LLM students are eligible to graduate with honors under the following conditions:
- Obtain a minimum 3.3 grade point average;
- Write a thesis and obtain a grade of A or A- as determined by the faculty advisor; and
- Obtain a determination that the thesis is of “honors quality.” This determination is made by the thesis advisor and an additional faculty member who reviews the thesis for this purpose. Generally, the director or the executive director should serve as the reviewing faculty member unless one of them is the student’s thesis advisor. This review process helps ensure a level of uniformity in determining what constitutes an honors thesis. The reviewing faculty member will not alter the faculty advisor’s grade regardless of whether the thesis is considered to be of honors quality.

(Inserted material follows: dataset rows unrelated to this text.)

text \<open>A diagonal integrand is integrable because its integral is \<open>1 \<noteq> 0\<close>; the others are
  dominated by \<open>(a\<^sup>2 + b\<^sup>2) W\<close>.\<close>

lemma integrable_wip_integrand_opsP:
  assumes "j \<le> n" "l \<le> m"
  shows "integrable lborel (wip_integrand W (opsP G n j) (opsP G m l))"
proof -
  have diag: "integrable lborel (wip_integrand W (opsP G k i) (opsP G k i))" if "i \<le> k" for k i
    using wip_opsP[OF that that] not_integrable_integral_eq by (force simp: wip_eq_integral)
  show ?thesis
  proof (rule Bochner_Integration.integrable_bound
      [OF Bochner_Integration.integrable_add[OF diag[OF assms(1)] diag[OF assms(2)]]])
    show "wip_integrand W (opsP G n j) (opsP G m l) \<in> borel_measurable lborel"
      using wip_integrand_bipoly_measurable by (simp add: opsP_eq_bipoly)
    have "\<bar>a * b * w\<bar> \<le> \<bar>a * a * w + b * b * w\<bar>" if "0 \<le> w" for a b w :: real
    proof -
      have "0 \<le> (a - b) * (a - b)" "0 \<le> (a + b) * (a + b)"
        by auto
      then have "\<bar>a * b\<bar> \<le> a * a + b * b"
        by (simp add: algebra_simps abs_le_iff)
      then have "\<bar>a * b\<bar> * w \<le> (a * a + b * b) * w"
        using that by (rule mult_right_mono)
      then show ?thesis
        using that by (simp add: abs_mult algebra_simps)
    qed
    then show "AE z in lborel. norm (wip_integrand W (opsP G n j) (opsP G m l) z)
        \<le> norm (wip_integrand W (opsP G n j) (opsP G n j) z
          + wip_integrand W (opsP G m l) (opsP G m l) z)"
      by (simp add: wip_integrand_def case_prod_beta W_nonneg)
  qed
qed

The degree requirements for U.S. and international LLM students are identical, with the exception that international students are generally required to take the 2 credit U.S. Law and Legal Institutions class, and the 2 credit legal writing and research class. These 4 credits count towards the 24 credit requirement. International LLM students can also take a maximum of 3 other credits of related courses if they wish. The LL.M. program can be completed in two to three semesters of full-time work, which is typically required for international students on a U.S. visa.
Students should announce their intention to seek a certification at the beginning of their academic year and plan their course enrollment to fulfill the credit requirements. The professors for the specific certificate program can offer guidance on the courses available; however, students should alert the graduate programs office and the registrar of the desire to fulfill the certificate.
As part of the LL.M. in Insurance Law degree, students may obtain a certificate of specialization in seven areas:
- Corporate and Regulatory Compliance
- Energy and Environmental Regulation
- Intellectual Property
- International Human Rights
- Tax Law
- U.S. Law
- Foundations of U.S. Law
- U.S. Civil and Criminal Justice
- U.S. Business Law and Regulation
- U.S. Law of Property Transfer
To be awarded the certificate, students must complete between nine (9) or twelve (12) credits depending on the area of specialization, complete the writing requirement in that area and achieve a minimum of a B average in all of the certificate coursework including the writing requirement. The writing requirement for the certificate could satisfy both the certificate and the LL.M writing requirement if the topic is approved by the Director of the LL.M program or his/her designee. The student may also choose to complete two separate papers one satisfying the LL.M program writing requirement and the other satisfying the certificate requirement.
Students may be required to take the entry-level course in the certification area, depending upon prior preparation and experience. Any such course would typically not count towards the credit requirements.
Completing a certificate is optional.
All students are encouraged to begin their program in the fall term, which starts in late August. However, applications are accepted for students who wish to start in our spring semester, which begins in mid-January. New students are required to attend a short orientation in Hartford before their first semester. Students are admitted on a rolling basis, which means that an admission decision may be made within 2 to 3 weeks of receiving a complete application.
Eligibility requirements and application materials are available on the Insurance Law Center website.